> INSTRUCTIONS TO FOLLOW
Report, from the records below, every line where the word "bool" appears.

> INPUT FOR THIS TASK
(* Let $p$ be an odd prime, $x\in\mathbb Z_p$ and $x\not\equiv-1\pmod p$. Then $$P_{\frac{p-1}2}(x)\equiv\Big(\frac{2(x+1)}p\Big)P_{\frac{p-1}2}\Big(\frac{3-x}{1+x}\Big)\pmod p.$$
   Context: $\mathbb Z_p$ denotes the set of rational numbers whose denominator (in lowest terms) is prime to $p$; congruences are in this ring. $P_n(x)$ is the $n$-th Legendre polynomial, defined by $\frac1{\sqrt{1-2xt+t^2}}=\sum_{n\ge0}P_n(x)t^n$, equivalently $P_n(x)=\frac1{2^n}\sum_{k=0}^{[n/2]}\frac{(-1)^k(2n-2k)!}{k!(n-k)!(n-2k)!}x^{n-2k}$. For $a\in\mathbb Z_p$, $\big(\frac ap\big)$ is the Legendre symbol of the residue of $a$ modulo $p$. *)

theory Defs
  imports "HOL-Number_Theory.Number_Theory"
begin

text \<open>Z_p: rationals whose reduced denominator is prime to p.\<close>
definition in_Zp :: "int \<Rightarrow> rat \<Rightarrow> bool" where
  "in_Zp p q \<longleftrightarrow> coprime (snd (quotient_of q)) p"

definition cong_Zp :: "rat \<Rightarrow> rat \<Rightarrow> int \<Rightarrow> bool" where
  "cong_Zp a b p \<longleftrightarrow> in_Zp p ((a - b) / of_int p)"

definition Legendre_Zp :: "rat \<Rightarrow> int \<Rightarrow> int" where
  "Legendre_Zp a p = Legendre (SOME r :: int. cong_Zp a (of_int r) p) p"

definition legendre_P :: "nat \<Rightarrow> rat \<Rightarrow> rat" where
  "legendre_P n x = (1 / 2 ^ n) * (\<Sum>k = 0..n div 2.
      (-1) ^ k * of_nat (fact (2*n - 2*k)) /
      (of_nat (fact k) * of_nat (fact (n - k)) * of_nat (fact (n - 2*k))) * x ^ (n - 2*k))"

end

theory Submission
  imports Defs "HOL-Computational_Algebra.Polynomial"
begin

text \<open>
  Let n = (p - 1) / 2. Up to the factor 2^n, P_n(z) is the coefficient of t^n in
  (t + z - 1)^n (t + z + 1)^n. Expanding this product around z - 1 gives
  \<Sum> C(n,i) 2^(n-i) C(n+i,i) (z-1)^i, and since n \<equiv> -1/2 (mod p) we have
  C(n+i,i) \<equiv> (-1)^i C(n,i), whence 2^n P_n(x) \<equiv> \<Sum> C(n,i)^2 2^(n-i) (1-x)^i.
  The symmetric expansion \<Sum> C(n,i)^2 (z+1)^(n-i) (z-1)^i, evaluated at
  y = (3 - x)/(1 + x), shows that the same sum equals (1 + x)^n P_n(y) exactly.
  Multiplying 2^n P_n(x) \<equiv> (1 + x)^n P_n(y) by 2^n, Fermat (4^n \<equiv> 1) and
  Euler's criterion ((2(1 + x))^n \<equiv> (2(1 + x) / p)) give the theorem.
\<close>

section \<open>Arithmetic in Z_p\<close>

lemma in_Zp_iff:
  assumes "prime p"
  shows "in_Zp p q \<longleftrightarrow> (\<exists>a b. coprime b p \<and> q = of_int a / of_int b)"
proof
  assume "in_Zp p q"
  then show "\<exists>a b. coprime b p \<and> q = of_int a / of_int b"
    unfolding in_Zp_def by (metis prod.collapse quotient_of_div)
next
  assume "\<exists>a b. coprime b p \<and> q = of_int a / of_int b"
  then obtain a b where ab: "coprime b p" "q = of_int a / of_int b" by blast
  obtain a' b' where qo: "quotient_of q = (a', b')" by (cases "quotient_of q")
  have "b \<noteq> 0" using ab(1) assms by (metis coprime_0_left_iff not_prime_unit)
  moreover have "b' > 0" using quotient_of_denom_pos[OF qo] .
  moreover have "of_int a' / of_int b' = (of_int a / of_int b :: rat)"
    using quotient_of_div[OF qo] ab(2) by simp
  ultimately have "of_int (a' * b) = (of_int (a * b') :: rat)" by (simp add: field_simps)
  then have "a' * b = a * b'" by (simp only: of_int_eq_iff)
  then have "b' dvd a' * b" by simp
  then have "b' dvd b"
    using quotient_of_coprime[OF qo] by (metis coprime_commute coprime_dvd_mult_right_iff)
  then have "coprime b' p" using ab(1) by (meson coprime_commute coprime_divisors dvd_refl)
  then show "in_Zp p q" unfolding in_Zp_def qo by simp
qed

context
  fixes p :: int
  assumes p: "prime p"
begin

lemma Zp_of_int: "in_Zp p (of_int a)"
  using in_Zp_iff[OF p] by (metis coprime_1_left div_by_1 of_int_1)

lemma Zp_of_nat: "in_Zp p (of_nat k)"
  using Zp_of_int[of "int k"] by simp

lemma Zp_one: "in_Zp p 1"
  using Zp_of_int[of 1] by simp

lemma Zp_numeral: "in_Zp p (numeral k)"
  using Zp_of_int[of "numeral k"] by simp

lemma Zp_add: "in_Zp p u \<Longrightarrow> in_Zp p v \<Longrightarrow> in_Zp p (u + v)"
proof -
  assume "in_Zp p u" "in_Zp p v"
  then obtain a b c d where h: "coprime b p" "u = of_int a / of_int b"
      "coprime d p" "v = of_int c / of_int d"
    using in_Zp_iff[OF p] by meson
  have "b \<noteq> 0" "d \<noteq> 0" using h p by (metis coprime_0_left_iff not_prime_unit)+
  then have "u + v = of_int (a * d + c * b) / of_int (b * d)" using h by (simp add: field_simps)
  moreover have "coprime (b * d) p" using h by simp
  ultimately show ?thesis using in_Zp_iff[OF p] by blast
qed

lemma Zp_mult: "in_Zp p u \<Longrightarrow> in_Zp p v \<Longrightarrow> in_Zp p (u * v)"
proof -
  assume "in_Zp p u" "in_Zp p v"
  then obtain a b c d where h: "coprime b p" "u = of_int a / of_int b"
      "coprime d p" "v = of_int c / of_int d"
    using in_Zp_iff[OF p] by meson
  then have "u * v = of_int (a * c) / of_int (b * d)" by simp
  moreover have "coprime (b * d) p" using h by simp
  ultimately show ?thesis using in_Zp_iff[OF p] by blast
qed

lemma Zp_uminus: "in_Zp p u \<Longrightarrow> in_Zp p (- u)"
  using Zp_mult[OF Zp_of_int[of "-1"]] by simp

lemma Zp_diff: "in_Zp p u \<Longrightarrow> in_Zp p v \<Longrightarrow> in_Zp p (u - v)"
  using Zp_add Zp_uminus by (metis diff_conv_add_uminus)

lemma Zp_power: "in_Zp p u \<Longrightarrow> in_Zp p (u ^ k)"
  by (induction k) (auto intro: Zp_mult simp: Zp_of_int[of 1, simplified])

lemma Zp_sum: "(\<And>i. i \<in> A \<Longrightarrow> in_Zp p (f i)) \<Longrightarrow> in_Zp p (\<Sum>i\<in>A. f i)"
  by (induction A rule: infinite_finite_induct) (auto intro: Zp_add simp: Zp_of_int[of 0, simplified])

lemma cong_Zp_refl: "cong_Zp a a p"
  unfolding cong_Zp_def using Zp_of_int[of 0] by simp

lemma cong_Zp_trans:
  assumes "cong_Zp a b p" and "cong_Zp b c p"
  shows "cong_Zp a c p"
proof -
  have split: "(a - c) / of_int p = (a - b) / of_int p + (b - c) / of_int p"
    by (simp add: diff_divide_distrib)
  show ?thesis
    unfolding cong_Zp_def split by (rule Zp_add[OF assms[unfolded cong_Zp_def]])
qed

lemma cong_Zp_add:
  assumes "cong_Zp a b p" and "cong_Zp c d p"
  shows "cong_Zp (a + c) (b + d) p"
proof -
  have split: "(a + c - (b + d)) / of_int p = (a - b) / of_int p + (c - d) / of_int p"
    by (simp add: diff_divide_distrib add_divide_distrib)
  show ?thesis
    unfolding cong_Zp_def split by (rule Zp_add[OF assms[unfolded cong_Zp_def]])
qed

lemma cong_Zp_mult_left:
  assumes "in_Zp p c" and "cong_Zp a b p"
  shows "cong_Zp (c * a) (c * b) p"
proof -
  have factor: "(c * a - c * b) / of_int p = c * ((a - b) / of_int p)" by (simp add: algebra_simps)
  show ?thesis
    unfolding cong_Zp_def factor by (rule Zp_mult[OF assms[unfolded cong_Zp_def]])
qed

lemma cong_Zp_mult:
  "in_Zp p a \<Longrightarrow> in_Zp p d \<Longrightarrow> cong_Zp a b p \<Longrightarrow> cong_Zp c d p \<Longrightarrow> cong_Zp (a * c) (b * d) p"
  using cong_Zp_trans cong_Zp_mult_left by (metis mult.commute)

lemma cong_Zp_power:
  "in_Zp p a \<Longrightarrow> in_Zp p b \<Longrightarrow> cong_Zp a b p \<Longrightarrow> cong_Zp (a ^ k) (b ^ k) p"
  by (induction k) (auto intro: cong_Zp_mult Zp_power cong_Zp_refl)

lemma cong_Zp_sum:
  "(\<And>i. i \<in> A \<Longrightarrow> cong_Zp (f i) (g i) p) \<Longrightarrow> cong_Zp (\<Sum>i\<in>A. f i) (\<Sum>i\<in>A. g i) p"
  by (induction A rule: infinite_finite_induct) (auto intro: cong_Zp_add cong_Zp_refl)

lemma cong_Zp_of_int_iff: "cong_Zp (of_int a) (of_int b) p \<longleftrightarrow> [a = b] (mod p)"
proof -
  have p0: "p \<noteq> 0" using p by auto
  have "in_Zp p (of_int (a - b) / of_int p) \<longleftrightarrow> p dvd (a - b)"
  proof
    assume "in_Zp p (of_int (a - b) / of_int p)"
    then obtain c d where h: "coprime d p" "of_int (a - b) / of_int p = (of_int c / of_int d :: rat)"
      using in_Zp_iff[OF p] by meson
    have "d \<noteq> 0" using h p by (metis coprime_0_left_iff not_prime_unit)
    then have "of_int ((a - b) * d) = (of_int (c * p) :: rat)" using h(2) p0 by (simp add: field_simps)
    then have "(a - b) * d = c * p" by (simp only: of_int_eq_iff)
    then have "p dvd (a - b) * d" by simp
    moreover have "\<not> p dvd d" using h(1) p by (metis coprime_common_divisor dvd_refl not_prime_unit)
    ultimately show "p dvd (a - b)" using p prime_dvd_mult_iff by blast
  next
    assume "p dvd (a - b)"
    then obtain k where "a - b = p * k" by blast
    then have "of_int (a - b) / of_int p = (of_int k :: rat)" using p0 by simp
    then show "in_Zp p (of_int (a - b) / of_int p)" using Zp_of_int by simp
  qed
  then show ?thesis unfolding cong_Zp_def cong_iff_dvd_diff by simp
qed

lemma Zp_inverse: "in_Zp p u \<Longrightarrow> \<not> cong_Zp u 0 p \<Longrightarrow> in_Zp p (inverse u)"
proof -
  assume u: "in_Zp p u" "\<not> cong_Zp u 0 p"
  then obtain a b where h: "coprime b p" "u = of_int a / of_int b"
    using in_Zp_iff[OF p] by meson
  have "\<not> p dvd a"
  proof
    assume "p dvd a"
    then obtain c where "a = p * c" by blast
    then have "(u - 0) / of_int p = of_int c / of_int b" using h(2) p by (auto simp: prime_int_iff)
    then have "cong_Zp u 0 p" unfolding cong_Zp_def using in_Zp_iff[OF p] h(1) by blast
    then show False using u(2) by contradiction
  qed
  then have "coprime a p" using prime_imp_coprime[OF p] coprime_commute by blast
  moreover have "inverse u = of_int b / of_int a" using h(2) by simp
  ultimately show ?thesis using in_Zp_iff[OF p] by blast
qed

lemma Zp_divide: "in_Zp p u \<Longrightarrow> in_Zp p v \<Longrightarrow> \<not> cong_Zp v 0 p \<Longrightarrow> in_Zp p (u / v)"
  using Zp_mult Zp_inverse by (simp add: divide_inverse)

lemma Zp_cong_of_int_exists: "in_Zp p q \<Longrightarrow> \<exists>r. cong_Zp q (of_int r) p"
proof -
  assume "in_Zp p q"
  then obtain a b where h: "coprime b p" "q = of_int a / of_int b"
    using in_Zp_iff[OF p] by meson
  obtain u v where uv: "u * b + v * p = 1"
    using h(1) by (metis bezout_int coprime_iff_gcd_eq_1)
  have b0: "b \<noteq> 0" using h p by (metis coprime_0_left_iff not_prime_unit)
  have uv': "1 - of_int u * of_int b = (of_int v * of_int p :: rat)"
    using uv by (metis add_diff_cancel_left' of_int_add of_int_mult of_int_1)
  have "q - of_int (a * u) = of_int a * (1 - of_int u * of_int b) / of_int b"
    using h(2) b0 by (simp add: field_simps)
  also have "\<dots> = of_int (a * v) * of_int p / of_int b"
    unfolding uv' by simp
  finally have "(q - of_int (a * u)) / of_int p = of_int (a * v) / of_int b"
    using p by (auto simp: prime_int_iff)
  then show ?thesis unfolding cong_Zp_def using in_Zp_iff[OF p] h by blast
qed

end

section \<open>Congruences modulo p = 2n + 1\<close>

lemma cong_Zp_Legendre_Zp:
  fixes p :: int
  assumes p: "prime p" "odd p" and a: "in_Zp p a"
  shows "cong_Zp (a ^ nat ((p - 1) div 2)) (of_int (Legendre_Zp a p)) p"
proof -
  define r where "r = (SOME r :: int. cong_Zp a (of_int r) p)"
  define m where "m = nat ((p - 1) div 2)"
  have r: "cong_Zp a (of_int r) p"
    unfolding r_def by (rule someI_ex[OF Zp_cong_of_int_exists[OF p(1) a]])
  have "p \<noteq> 2" using p(2) by auto
  then have "2 < p" using prime_gt_1_int[OF p(1)] by linarith
  then have p_nat: "int (nat p) = p" "2 < nat p" "(nat p - 1) div 2 = m"
    unfolding m_def by (simp_all add: nat_div_distrib nat_diff_distrib')
  have "prime (nat p)" using p(1) p_nat(1) by (metis prime_int_nat_transfer)
  have "cong_Zp (a ^ m) (of_int r ^ m) p"
    by (rule cong_Zp_power[OF p(1) a Zp_of_int[OF p(1)] r])
  moreover have "[Legendre r p = r ^ m] (mod p)"
    using euler_criterion[OF \<open>prime (nat p)\<close> p_nat(2), of r] unfolding p_nat(1,3) .
  then have "cong_Zp (of_int r ^ m) (of_int (Legendre r p)) p"
    unfolding of_int_power[symmetric] cong_Zp_of_int_iff[OF p(1)] by (rule cong_sym)
  ultimately show ?thesis
    unfolding Legendre_Zp_def r_def m_def by (rule cong_Zp_trans[OF p(1)])
qed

> TASK RESULT
definition in_Zp :: "int \<Rightarrow> rat \<Rightarrow> bool" where
definition cong_Zp :: "rat \<Rightarrow> rat \<Rightarrow> int \<Rightarrow> bool" where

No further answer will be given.